Havenhurst didn’t respond. Just went into statue mode again.
“Were you with your ex-wife? Were you sleeping with her?”
He heaved a pained sigh. “No, Dolly wouldn’t have me again in a million years,” he replied, his face expressing a curious mix of longing, frustration and hopelessness. He was an older man besotted with a volatile and promiscuous younger woman. Yet he clearly remained attached to his first wife. Maybe he just didn’t know what, or who, he wanted. Maybe he was just a fool-he was a fully grown adult male, after all. “I just looked in on her,” he explained. “To make sure she wasn’t wandering. She does, as I believe I’ve mentioned to you.”

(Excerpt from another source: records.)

(* If $X$ is an infinite Tychonoff space, then $\mathcal{F}(X)$ is not pseudocompact.
   Context: $\mathcal{F}(X)$ is the set of nonempty finite subsets of $X$ with the Vietoris topology (generated by $U^+=\{A: A\subset U\}$ and $U^-=\{A: A\cap U\neq\emptyset\}$ for $U$ open in $X$). A Tychonoff space is pseudocompact if every locally finite collection of nonempty open sets is finite. *)

theory Defs
  imports "HOL-Analysis.Analysis"
begin

text \<open>Tychonoff space: completely regular and Hausdorff (T1 + completely regular is equivalent).\<close>
definition tychonoff_space :: "'a topology \<Rightarrow> bool" where
  "tychonoff_space X \<longleftrightarrow> completely_regular_space X \<and> Hausdorff_space X"

text \<open>The hyperspace F(X) of nonempty finite subsets with the Vietoris topology,
  generated (as a subbasis) by U^+ and U^- for U open in X.\<close>
definition fin_hyperspace :: "'a topology \<Rightarrow> 'a set topology" where
  "fin_hyperspace X = topology_generated_by
     ({{A. finite A \<and> A \<noteq> {} \<and> A \<subseteq> topspace X \<and> A \<subseteq> U} | U. openin X U} \<union>
      {{A. finite A \<and> A \<noteq> {} \<and> A \<subseteq> topspace X \<and> A \<inter> U \<noteq> {}} | U. openin X U})"

definition pseudocompact_space :: "'a topology \<Rightarrow> bool" where
  "pseudocompact_space X \<longleftrightarrow>
     (\<forall>\<U>. (\<forall>U\<in>\<U>. openin X U \<and> U \<noteq> {}) \<and> locally_finite_in X \<U> \<longrightarrow> finite \<U>)"

end

theory Submission
  imports Defs
begin

text \<open>An infinite open set R of a regular Hausdorff space contains a nonempty open U and an
  infinite open R' whose closure is disjoint from that of U. Iterating inside R' gives nonempty
  open sets U_0, U_1, ... with pairwise disjoint closures. In F(X) the sets
  W_n = U_0^- \<inter> ... \<inter> U_n^- are then nonempty, open and pairwise distinct, and they form a
  locally finite family: a finite set A misses the closure of some U_i, so (X - cl U_i)^+ is a
  neighbourhood of A meeting only W_0, ..., W_(i-1).\<close>

lemma regular_space_openin_closure_of_subset:
  assumes "regular_space X" "openin X W" "x \<in> W"
  obtains U where "openin X U" "x \<in> U" "X closure_of U \<subseteq> W"
proof -
  obtain U V where "openin X U" "closedin X V" "x \<in> U" "U \<subseteq> V" "V \<subseteq> W"
    using assms neighbourhood_base_of_closedin neighbourhood_base_of by metis
  then show thesis
    using that closure_of_minimal by (metis order_trans)
qed

lemma regular_Hausdorff_space_split_infinite_openin:
  assumes reg: "regular_space X" and "Hausdorff_space X"
    and R: "openin X R" "infinite R"
  obtains U R' where "openin X U" "U \<noteq> {}" "U \<subseteq> R" "openin X R'" "infinite R'" "R' \<subseteq> R"
    "disjnt (X closure_of U) (X closure_of R')"
proof -
  note result = that
  have split_off: thesis
    if V: "openin X V" "z \<in> V" "X closure_of V \<subseteq> R" and inf: "infinite (R - X closure_of V)" for V z
  proof -
    obtain U where U: "openin X U" "z \<in> U" "X closure_of U \<subseteq> V"
      using regular_space_openin_closure_of_subset[OF reg V(1,2)] by blast
    have "V \<inter> X closure_of (R - X closure_of V) = {}"
      using V(1) closure_of_subset[OF openin_subset[OF V(1)]]
      by (auto simp: openin_Int_closure_of_eq_empty)
    then have "disjnt (X closure_of U) (X closure_of (R - X closure_of V))"
      using U(3) by (auto simp: disjnt_def)
    moreover have "U \<subseteq> R"
      using U V closure_of_subset[OF openin_subset[OF U(1)]] closure_of_subset[OF openin_subset[OF V(1)]]
      by blast
    moreover have "openin X (R - X closure_of V)"
      using R(1) by (simp add: openin_diff)
    ultimately show thesis
      using result[of U "R - X closure_of V"] U inf by blast
  qed
  obtain x where x: "x \<in> R"
    using infinite_imp_nonempty[OF R(2)] by blast
  obtain y where y: "y \<in> R" "y \<noteq> x"
    using infinite_imp_nonempty[OF infinite_remove[OF R(2), of x]] by blast
  obtain G H where GH: "openin X G" "openin X H" "x \<in> G" "y \<in> H" "disjnt G H"
    using \<open>Hausdorff_space X\<close> x y openin_subset[OF R(1)] unfolding Hausdorff_space_def
    by (metis subsetD)
  obtain G' where G': "openin X G'" "x \<in> G'" "X closure_of G' \<subseteq> G \<inter> R"
    using regular_space_openin_closure_of_subset[OF reg, of "G \<inter> R" x] GH R x by blast
  obtain H' where H': "openin X H'" "y \<in> H'" "X closure_of H' \<subseteq> H \<inter> R"
    using regular_space_openin_closure_of_subset[OF reg, of "H \<inter> R" y] GH R y by blast
  have "R = (R - X closure_of G') \<union> (R - X closure_of H')"
    using G' H' GH(5) by (auto simp: disjnt_iff)
  then have "infinite (R - X closure_of G') \<or> infinite (R - X closure_of H')"
    using R(2) by (metis finite_Un)
  then show thesis
  proof
    show "infinite (R - X closure_of G') \<Longrightarrow> thesis"
      using split_off[OF G'(1,2)] G'(3) by blast
    show "infinite (R - X closure_of H') \<Longrightarrow> thesis"
      using split_off[OF H'(1,2)] H'(3) by blast
  qed
qed

lemma regular_Hausdorff_space_disjoint_closures_seq:
  assumes reg: "regular_space X" and Hd: "Hausdorff_space X" and inf: "infinite (topspace X)"
  obtains U :: "nat \<Rightarrow> 'a set"
  where "\<And>n. openin X (U n)" "\<And>n. U n \<noteq> {}" "disjoint_family (\<lambda>n. X closure_of U n)"
proof -
  have "\<exists>U R'. openin X U \<and> U \<noteq> {} \<and> U \<subseteq> R \<and> openin X R' \<and> infinite R' \<and> R' \<subseteq> R
          \<and> disjnt (X closure_of U) (X closure_of R')" if "openin X R" "infinite R" for R
    by (rule regular_Hausdorff_space_split_infinite_openin[OF reg Hd that]) (intro exI conjI; assumption)
  then obtain piece rest where piece_rest:
    "\<And>R. \<lbrakk>openin X R; infinite R\<rbrakk> \<Longrightarrow> openin X (piece R) \<and> piece R \<noteq> {} \<and> piece R \<subseteq> R
        \<and> openin X (rest R) \<and> infinite (rest R) \<and> rest R \<subseteq> R
        \<and> disjnt (X closure_of piece R) (X closure_of rest R)"
    by metis
  define S where "S n = (rest ^^ n) (topspace X)" for n
  have S: "openin X (S n) \<and> infinite (S n)" for n
    by (induction n) (simp_all add: S_def inf piece_rest)
  have S_Suc: "S (Suc n) = rest (S n)" for n
    by (simp add: S_def)
  have "decseq S"
    by (rule decseq_SucI) (use S piece_rest in \<open>simp add: S_Suc\<close>)
  define U where "U n = piece (S n)" for n
  have disjnt_less: "disjnt (X closure_of U m) (X closure_of U n)" if "m < n" for m n
  proof -
    have "U n \<subseteq> S n"
      using piece_rest S unfolding U_def by blast
    also have "\<dots> \<subseteq> S (Suc m)"
      using decseqD[OF \<open>decseq S\<close>] that by simp
    finally have "U n \<subseteq> S (Suc m)" .
    then have "X closure_of U n \<subseteq> X closure_of rest (S m)"
      by (simp add: S_Suc closure_of_mono)
    then show ?thesis
      using piece_rest[OF S[THEN conjunct1] S[THEN conjunct2], of m] unfolding U_def
      by (meson disjnt_subset2)
  qed
  show thesis
  proof
    show "openin X (U n)" "U n \<noteq> {}" for n
      using piece_rest S unfolding U_def by auto
    show "disjoint_family (\<lambda>n. X closure_of U n)"
      unfolding disjoint_family_on_def
      by (metis disjnt_def disjnt_less disjnt_sym linorder_neq_iff)
  qed
qed

definition vietoris_upper :: "'a topology \<Rightarrow> 'a set \<Rightarrow> 'a set set" where
  "vietoris_upper X U = {A. finite A \<and> A \<noteq> {} \<and> A \<subseteq> topspace X \<and> A \<subseteq> U}"

definition vietoris_lower :: "'a topology \<Rightarrow> 'a set \<Rightarrow> 'a set set" where
  "vietoris_lower X U = {A. finite A \<and> A \<noteq> {} \<and> A \<subseteq> topspace X \<and> A \<inter> U \<noteq> {}}"

lemma fin_hyperspace_eq_vietoris:
  "fin_hyperspace X = topology_generated_by
     ({vietoris_upper X U | U. openin X U} \<union> {vietoris_lower X U | U. openin X U})"
  by (simp add: fin_hyperspace_def vietoris_upper_def vietoris_lower_def)

lemma openin_fin_hyperspace_upper:
  "openin X U \<Longrightarrow> openin (fin_hyperspace X) (vietoris_upper X U)"
  unfolding fin_hyperspace_eq_vietoris by (rule topology_generated_by_Basis) blast

lemma openin_fin_hyperspace_lower:
  "openin X U \<Longrightarrow> openin (fin_hyperspace X) (vietoris_lower X U)"
  unfolding fin_hyperspace_eq_vietoris by (rule topology_generated_by_Basis) blast

lemma topspace_fin_hyperspace:
  "topspace (fin_hyperspace X) = {A. finite A \<and> A \<noteq> {} \<and> A \<subseteq> topspace X}"
  unfolding fin_hyperspace_def topology_generated_by_topspace by blast

lemma locally_finite_in_fin_hyperspace_lower_chain:
  fixes U :: "nat \<Rightarrow> 'a set"
  assumes point_finite: "\<And>a. finite {i. a \<in> X closure_of U i}"
  shows "locally_finite_in (fin_hyperspace X) (range (\<lambda>n. \<Inter>i\<le>n. vietoris_lower X (U i)))"
  unfolding locally_finite_in_def
proof (intro conjI ballI)
  let ?W = "\<lambda>n. \<Inter>i\<le>n. vietoris_lower X (U i)"
  have "?W n \<subseteq> vietoris_lower X (U 0)" for n
    by (rule INT_lower) simp
  moreover have "vietoris_lower X (U 0) \<subseteq> topspace (fin_hyperspace X)"
    by (auto simp: topspace_fin_hyperspace vietoris_lower_def)
  ultimately show "\<Union> (range ?W) \<subseteq> topspace (fin_hyperspace X)"
    by blast
  fix A assume "A \<in> topspace (fin_hyperspace X)"
  then have A: "finite A" "A \<noteq> {}" "A \<subseteq> topspace X"
    by (auto simp: topspace_fin_hyperspace)
  have "{i. A \<inter> X closure_of U i \<noteq> {}} = (\<Union>a\<in>A. {i. a \<in> X closure_of U i})"
    by blast
  then have "finite {i. A \<inter> X closure_of U i \<noteq> {}}"
    using A(1) point_finite by simp
  then obtain i where i: "A \<inter> X closure_of U i = {}"
    using ex_new_if_finite[OF infinite_UNIV_nat] by blast
  define V where "V = vietoris_upper X (topspace X - X closure_of U i)"
  have "openin (fin_hyperspace X) V"
    unfolding V_def by (rule openin_fin_hyperspace_upper) (simp add: openin_diff)
  moreover have "A \<in> V"
    using A i by (auto simp: V_def vietoris_upper_def)
  moreover have W_disjnt_V: "?W n \<inter> V = {}" if "i \<le> n" for n
  proof -
    have "B \<notin> V" if "B \<in> ?W n" for B
    proof
      assume "B \<in> V"
      then have "B \<subseteq> topspace X - X closure_of U i"
        by (simp add: V_def vietoris_upper_def)
      moreover have "B \<inter> U i \<noteq> {}"
        using \<open>B \<in> ?W n\<close> \<open>i \<le> n\<close> by (auto simp: vietoris_lower_def)
      ultimately show False
        using closure_of_subset_Int[of X "U i"] by blast
    qed
    then show ?thesis
      by blast
  qed
  have "{S \<in> range ?W. S \<inter> V \<noteq> {}} \<subseteq> ?W ` {..<i}"
  proof
    fix S assume "S \<in> {S \<in> range ?W. S \<inter> V \<noteq> {}}"
    then obtain n where "S = ?W n" "?W n \<inter> V \<noteq> {}"
      by blast
    moreover have "n < i"
      using W_disjnt_V[of n] \<open>?W n \<inter> V \<noteq> {}\<close> by (meson not_le)
    ultimately show "S \<in> ?W ` {..<i}"
      by simp
  qed
  then have "finite {S \<in> range ?W. S \<inter> V \<noteq> {}}"
    by (rule finite_subset) simp
  ultimately show "\<exists>V. openin (fin_hyperspace X) V \<and> A \<in> V \<and> finite {S \<in> range ?W. S \<inter> V \<noteq> {}}"
    by blast
qed

lemma not_pseudocompact_fin_hyperspace_if_disjoint_closures:
  fixes U :: "nat \<Rightarrow> 'a set"
  assumes U_open: "\<And>n. openin X (U n)" and U_nonempty: "\<And>n. U n \<noteq> {}"
    and disjoint_closures: "disjoint_family (\<lambda>n. X closure_of U n)"
  shows "\<not> pseudocompact_space (fin_hyperspace X)"
proof -
  define W where "W n = (\<Inter>i\<le>n. vietoris_lower X (U i))" for n
  have W_open: "openin (fin_hyperspace X) (W n)" for n
    unfolding W_def by (intro openin_INT2 openin_fin_hyperspace_lower U_open) auto
  have "finite {i. a \<in> X closure_of U i}" for a
  proof (cases "\<exists>j. a \<in> X closure_of U j")
    case True
    then obtain j where "{i. a \<in> X closure_of U i} \<subseteq> {j}"
      using disjoint_closures by (auto simp: disjoint_family_on_def)
    then show ?thesis
      by (rule finite_subset) simp
  qed simp
  then have "locally_finite_in (fin_hyperspace X) (range W)"
    unfolding W_def by (rule locally_finite_in_fin_hyperspace_lower_chain)
  have U_disjoint: "U m \<inter> U n = {}" if "m \<noteq> n" for m n
  proof -
    have "X closure_of U m \<inter> X closure_of U n = {}"
      using disjoint_family_onD[OF disjoint_closures _ _ that] by simp
    then show ?thesis
      using closure_of_subset[OF openin_subset[OF U_open]] by blast
  qed
  define x where "x i = (SOME y. y \<in> U i)" for i
  have x: "x i \<in> U i" for i
    unfolding x_def using U_nonempty by (simp add: some_in_eq)
  have initial_segment_in_W: "x ` {..m} \<in> W n \<longleftrightarrow> n \<le> m" for m n
  proof
    assume "x ` {..m} \<in> W n"
    then obtain k where "k \<le> m" "x k \<in> U n"
      by (auto simp: W_def vietoris_lower_def)
    then have "k = n"
      using x[of k] U_disjoint[of k n] by blast
    then show "n \<le> m"
      using \<open>k \<le> m\<close> by simp
  next
    assume "n \<le> m"
    have "finite (x ` {..m})" "x ` {..m} \<subseteq> topspace X"
      using x openin_subset[OF U_open] by blast+
    moreover have "x i \<in> x ` {..m} \<inter> U i" if "i \<le> n" for i
      using x that \<open>n \<le> m\<close> by auto
    ultimately show "x ` {..m} \<in> W n"
      unfolding W_def vietoris_lower_def by blast
  qed
  then have "W n \<noteq> {}" for n
    by blast
  moreover have "inj W"
  proof (rule injI)
    fix m n assume "W m = W n"
    then have "n \<le> m" "m \<le> n"
      using initial_segment_in_W[of m] initial_segment_in_W[of n] by auto
    then show "m = n"
      by simp
  qed
  then have "infinite (range W)"
    by (rule range_inj_infinite)
  ultimately have "(\<forall>S\<in>range W. openin (fin_hyperspace X) S \<and> S \<noteq> {})
      \<and> locally_finite_in (fin_hyperspace X) (range W) \<and> infinite (range W)"
    using W_open \<open>locally_finite_in (fin_hyperspace X) (range W)\<close> by blast
  then show ?thesis
    unfolding pseudocompact_space_def by blast
qed

theorem lemma4p6:
  fixes X :: "'a topology"
  assumes "tychonoff_space X" and "infinite (topspace X)"
  shows "\<not> pseudocompact_space (fin_hyperspace X)"
proof -
  have "regular_space X" "Hausdorff_space X"
    using assms(1) completely_regular_imp_regular_space unfolding tychonoff_space_def by auto
  then obtain U :: "nat \<Rightarrow> 'a set" where "\<And>n. openin X (U n)" "\<And>n. U n \<noteq> {}"
    "disjoint_family (\<lambda>n. X closure_of U n)"
    by (rule regular_Hausdorff_space_disjoint_closures_seq[OF _ _ assms(2)]) blast
  then show ?thesis
    by (rule not_pseudocompact_fin_hyperspace_if_disjoint_closures)
qed

end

“You didn’t mention that you were soaking wet when you got home. How did you get so wet, Mr. Havenhurst?”
“I walked on the beach.”
“In the middle of a violent rainstorm?”
“I like to walk in the rain. I find it therapeutic.”
“Are you in need of therapy?”
“Everyone is in need of therapy.”
And these were supposed to be the happy people. Had their own damned island. If they weren’t happy, who was? “Did anyone see you?” she asked.
“No, of course not.”
Just as no one could recall seeing his son, Evan, and Jamie Devers docked out on Little Sister Island having themselves a bonfire. She had checked with the Coast Guard. She had checked with the boatyards. Nothing. Everywhere she turned it came up nothing.
Havenhurst abruptly glanced at his watch. “I really have to be getting to my law office, Lieutenant. A number of my later appointments got pushed up to this morning because of Niles Seymour’s funeral this afternoon. Are we done?”
“Not a problem,” Des said agreeably. “I wouldn’t want to keep you from your appointments. The big wheel of justice must keep on turning.” She climbed to her feet and treated him to her maximum-wattage smile. “But, counselor, I would not be saying we’re done.”